I count myself lucky. In the year and a half since I graduated from college I have been without work for only 3 weeks. I had an internship lined up before I left BYU, had applied and taken a test for another internship before I left that one, and had my current internship lined up right after I started my second. With the economy the way it is, and how hard it is for recent grads to get a job, I count myself very lucky.

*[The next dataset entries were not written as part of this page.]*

lemma (in sigma_finite_subalgebra) doubly_robust_moment:
  fixes a0 ag p0 pg mu m :: "'a \<Rightarrow> real"
  assumes [measurable]: "p0 \<in> borel_measurable F" "pg \<in> borel_measurable F"
      "mu \<in> borel_measurable F" "m \<in> borel_measurable F"
      "a0 \<in> borel_measurable M" "ag \<in> borel_measurable M"
    and p0_nonzero: "AE x in M. p0 x \<noteq> 0"
    and correct: "(AE x in M. p0 x = real_cond_exp M F a0 x) \<and> (AE x in M. pg x = real_cond_exp M F ag x)
      \<or> (AE x in M. mu x = m x)"
    and int_mu: "integrable M (\<lambda>x. pg x / p0 x * a0 x * mu x)" "integrable M (\<lambda>x. ag x * mu x)"
    and int_m: "integrable M (\<lambda>x. pg x / p0 x * a0 x * m x)" "integrable M (\<lambda>x. ag x * m x)"
  shows "(\<integral>x. ag x * mu x \<partial>M) + (\<integral>x. pg x / p0 x * a0 x * m x \<partial>M)
    - (\<integral>x. pg x / p0 x * a0 x * mu x \<partial>M) = (\<integral>x. ag x * m x \<partial>M)"
  using correct
proof
  assume "(AE x in M. p0 x = real_cond_exp M F a0 x) \<and> (AE x in M. pg x = real_cond_exp M F ag x)"
  then show ?thesis
    using integral_inverse_propensity_weighting[OF _ _ _ _ _ _ _ p0_nonzero int_mu]
      integral_inverse_propensity_weighting[OF _ _ _ _ _ _ _ p0_nonzero int_m]
    by simp
next
  assume mu_eq_m: "AE x in M. mu x = m x"
  have [measurable]: "p0 \<in> borel_measurable M" "pg \<in> borel_measurable M"
      "mu \<in> borel_measurable M" "m \<in> borel_measurable M"
    by (simp_all add: measurable_from_subalg[OF subalg])
  have "(\<integral>x. ag x * mu x \<partial>M) = (\<integral>x. ag x * m x \<partial>M)"
    and "(\<integral>x. pg x / p0 x * a0 x * mu x \<partial>M) = (\<integral>x. pg x / p0 x * a0 x * m x \<partial>M)"
    using mu_eq_m by (auto intro!: integral_cong_AE elim!: AE_mp)
  then show ?thesis by simp
qed

lemma subalgebra_sigmaX: "X \<in> measurable M N \<Longrightarrow> subalgebra M (sigmaX M N X)"
  unfolding sigmaX_def subalgebra_def
  by (auto simp: sets_vimage_algebra2 measurable_def Int_commute intro: measurable_sets)

lemma borel_measurable_sigmaX_comp:
  "X \<in> measurable M N \<Longrightarrow> f \<in> borel_measurable N \<Longrightarrow> (\<lambda>w. f (X w)) \<in> borel_measurable (sigmaX M N X)"
  unfolding sigmaX_def
  by (rule measurable_compose[OF measurable_vimage_algebra1]) (auto simp: measurable_def)

lemma borel_measurable_cohort:
  assumes [measurable]: "\<And>s. D s \<in> borel_measurable M"
  shows "cohort D T g \<in> borel_measurable M"
proof -
  have "cohort D T g = (\<lambda>w. if g = 0 then (if \<forall>t\<in>{..T}. D t w = 0 then 1 else 0)
      else (if \<forall>t\<in>{..T}. D t w = (if g \<le> t then 1 else 0) then 1 else 0))"
    by (auto simp: cohort_def fun_eq_iff)
  then show ?thesis by simp
qed

lemma sets_cohort_set:
  assumes [measurable]: "\<And>s. D s \<in> borel_measurable M"
  shows "cohort_set M D T s \<in> sets M"
  unfolding cohort_set_def using borel_measurable_cohort[OF assms] by measurable

lemma cohort_eq_indicator:
  "w \<in> space M \<Longrightarrow> cohort D T s w = indicator (cohort_set M D T s) w"
  by (auto simp: cohort_def cohort_set_def indicator_def)

lemma integral_uniform_measure_cohort_set:
  fixes f :: "'a \<Rightarrow> real"
  assumes "finite_measure M" and [measurable]: "\<And>s. D s \<in> borel_measurable M" "f \<in> borel_measurable M"
    and nonempty: "(\<integral>w. cohort D T s w \<partial>M) \<noteq> 0"
  shows "integral\<^sup>L (uniform_measure M (cohort_set M D T s)) f
    = (\<integral>w. cohort D T s w * f w \<partial>M) / (\<integral>w. cohort D T s w \<partial>M)"
proof -
  interpret finite_measure M by fact
  have [measurable]: "cohort_set M D T s \<in> sets M" by (rule sets_cohort_set) simp
  have "(\<integral>w. cohort D T s w \<partial>M) = measure M (cohort_set M D T s)"
    by (simp add: cohort_eq_indicator cong: Bochner_Integration.integral_cong)
  moreover have "(\<integral>w. cohort D T s w * f w \<partial>M) = (\<integral>w. indicator (cohort_set M D T s) w * f w \<partial>M)"
    by (simp add: cohort_eq_indicator cong: Bochner_Integration.integral_cong)
  ultimately show ?thesis
    using nonempty by (simp add: integral_uniform_measure emeasure_eq_measure)
qed

lemma (in finite_measure_subalgebra) real_cond_exp_cohort_intg:
  fixes h u :: "'a \<Rightarrow> real"
  assumes [measurable]: "\<And>s. D s \<in> borel_measurable M" "h \<in> borel_measurable F"
      "Y \<in> borel_measurable M" "u \<in> borel_measurable M"
    and u_version: "AE w in uniform_measure M (cohort_set M D T s).
      u w = real_cond_exp (uniform_measure M (cohort_set M D T s)) F Y w"
    and int: "integrable M (\<lambda>w. h w * cohort D T s w * Y w)"
  shows "integrable M (\<lambda>w. h w * cohort D T s w * u w)"
    and "(\<integral>w. h w * cohort D T s w * u w \<partial>M) = (\<integral>w. h w * cohort D T s w * Y w \<partial>M)"
proof -
  have swap: "h w * cohort D T s w * v w = indicator (cohort_set M D T s) w * h w * v w"
    if "w \<in> space M" for w and v :: "'a \<Rightarrow> real"
    using that by (simp add: cohort_eq_indicator)
  have "integrable M (\<lambda>w. indicator (cohort_set M D T s) w * h w * Y w)"
    using int by (simp add: swap cong: Bochner_Integration.integrable_cong)
  from real_cond_exp_uniform_measure_intg[OF sets_cohort_set _ _ _ u_version this]
  show "integrable M (\<lambda>w. h w * cohort D T s w * u w)"
    and "(\<integral>w. h w * cohort D T s w * u w \<partial>M) = (\<integral>w. h w * cohort D T s w * Y w \<partial>M)"
    by (simp_all add: swap cong: Bochner_Integration.integrable_cong Bochner_Integration.integral_cong)
qed

lemma (in finite_measure_subalgebra) integral_doubly_robust_score:
  fixes Y p0 pg mu mg m0 :: "'a \<Rightarrow> real"
  assumes [measurable]: "\<And>s. D s \<in> borel_measurable M" "Y \<in> borel_measurable M"
      "p0 \<in> borel_measurable F" "pg \<in> borel_measurable F" "mu \<in> borel_measurable F"
      "mg \<in> borel_measurable M" "m0 \<in> borel_measurable F"
    and p0_nonzero: "AE w in M. p0 w \<noteq> 0"
    and mg_version: "AE w in uniform_measure M (cohort_set M D T g).
      mg w = real_cond_exp (uniform_measure M (cohort_set M D T g)) F Y w"
    \<comment> \<open>a version on all of M, not only on cohort 0: with a correct outcome model,
      mu is compared with m0 on cohort g\<close>
    and m0_version: "AE w in M. m0 w = real_cond_exp (uniform_measure M (cohort_set M D T 0)) F Y w"
    and correct: "(AE w in M. p0 w = real_cond_exp M F (cohort D T 0) w)
        \<and> (AE w in M. pg w = real_cond_exp M F (cohort D T g) w)
      \<or> (AE w in M. mu w = real_cond_exp (uniform_measure M (cohort_set M D T 0)) F Y w)"
    and int_gY: "integrable M (\<lambda>w. cohort D T g w * Y w)"
    and int_gmu: "integrable M (\<lambda>w. cohort D T g w * mu w)"
    and int_0Y: "integrable M (\<lambda>w. pg w / p0 w * cohort D T 0 w * Y w)"
    and int_0mu: "integrable M (\<lambda>w. pg w / p0 w * cohort D T 0 w * mu w)"
    and int_gm0: "integrable M (\<lambda>w. cohort D T g w * m0 w)"
  shows "(\<integral>w. (cohort D T g w - pg w / p0 w * cohort D T 0 w) * (Y w - mu w) \<partial>M)
    = (\<integral>w. cohort D T g w * (mg w - m0 w) \<partial>M)"
proof -
  have [measurable]: "m0 \<in> borel_measurable M" "\<And>s. cohort D T s \<in> borel_measurable M"
    by (simp_all add: measurable_from_subalg[OF subalg] borel_measurable_cohort)
  note tower_g = real_cond_exp_cohort_intg[of D "\<lambda>_. 1" Y mg, OF _ _ _ _ mg_version]
  have "AE w in uniform_measure M (cohort_set M D T 0).
      m0 w = real_cond_exp (uniform_measure M (cohort_set M D T 0)) F Y w"
    using m0_version by (intro AE_uniform_measureI sets_cohort_set) (auto elim: AE_mp)
  note tower_0 = real_cond_exp_cohort_intg[OF _ _ _ _ this int_0Y]
  have "AE w in M. mu w = m0 w"
    if "AE w in M. mu w = real_cond_exp (uniform_measure M (cohort_set M D T 0)) F Y w"
    using that m0_version by eventually_elim simp
  with correct have "(AE w in M. p0 w = real_cond_exp M F (cohort D T 0) w)
      \<and> (AE w in M. pg w = real_cond_exp M F (cohort D T g) w) \<or> (AE w in M. mu w = m0 w)"
    by blast
  note DR = doubly_robust_moment[OF _ _ _ _ _ _ p0_nonzero this int_0mu int_gmu tower_0(1) int_gm0]
  have "(\<integral>w. (cohort D T g w - pg w / p0 w * cohort D T 0 w) * (Y w - mu w) \<partial>M)
    = (\<integral>w. cohort D T g w * Y w - pg w / p0 w * cohort D T 0 w * Y w
        - (cohort D T g w * mu w - pg w / p0 w * cohort D T 0 w * mu w) \<partial>M)"
    by (simp only: left_diff_distrib right_diff_distrib)
  also have "\<dots> = (\<integral>w. cohort D T g w * mg w \<partial>M) - (\<integral>w. cohort D T g w * m0 w \<partial>M)"
    using int_gY int_gmu int_0Y int_0mu tower_g tower_0(2) DR by simp
  also have "\<dots> = (\<integral>w. cohort D T g w * (mg w - m0 w) \<partial>M)"
    using tower_g int_gY int_gm0 by (simp add: right_diff_distrib)
  finally show ?thesis .
qed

Well, at the beginning of the year, I realized that I would have to start looking for a job, having exhausted my internship opportunities. So, I started looking for listings for editors, but nothing really seemed to pop up. Finally, in March I heard about a position at the LDS Church Office Building. It is a full-time project position, meaning salary and full benefits, but only lasting for four years. After the year and a half I've had, four years seemed like an eternity! So, I applied, was called in for a test, and had an interview mid-April (which I feel like I totally bombed). I took the take home test, and turned it. That was almost two months ago and I haven't heard anything since, except that they were still interviewing. For some reason, though, I wasn't stressing. I knew my internship was coming to an end, and that I would be jobless, but there was no anxiety about finding a job.
About two weeks ago I was called into my boss's office. She told me that I could very possibly get a contract worker position with the Papers. I could work 40 hours a week, but I'd be working from home, paying my own taxes, and receive no benefits. Having loved my work at the Papers, I said I would love to do it, mostly because it would be work until I could find a job. She said that they would know for sure in a week and sent me on my way. The next week she called me into her office and said that the contract work had fallen through, but a part-time position would probably be opening up. With this position, I would be working in the office, up to 38 hours a week. I said I would love to!
That's when I realized something. I would much rather work part-time with amazing people, on a project I believe in, then work full-time with great benefits and pay in an awful atmosphere on something I don't believe in. And that's why, this morning, I accepted the part-time position at the Joseph Smith Papers Project! I start half-time (of my part-time) next week to get trained! I'm a little nervous about all the things that I need to learn, and the fact that I'll be in charge of an RA (what on earth will I give him to work on?!), but I've learned how to do jobs before, and I can definitely do it again.
I'm so excited to be able to continue work on such an amazing project, and maybe make a bit of a difference.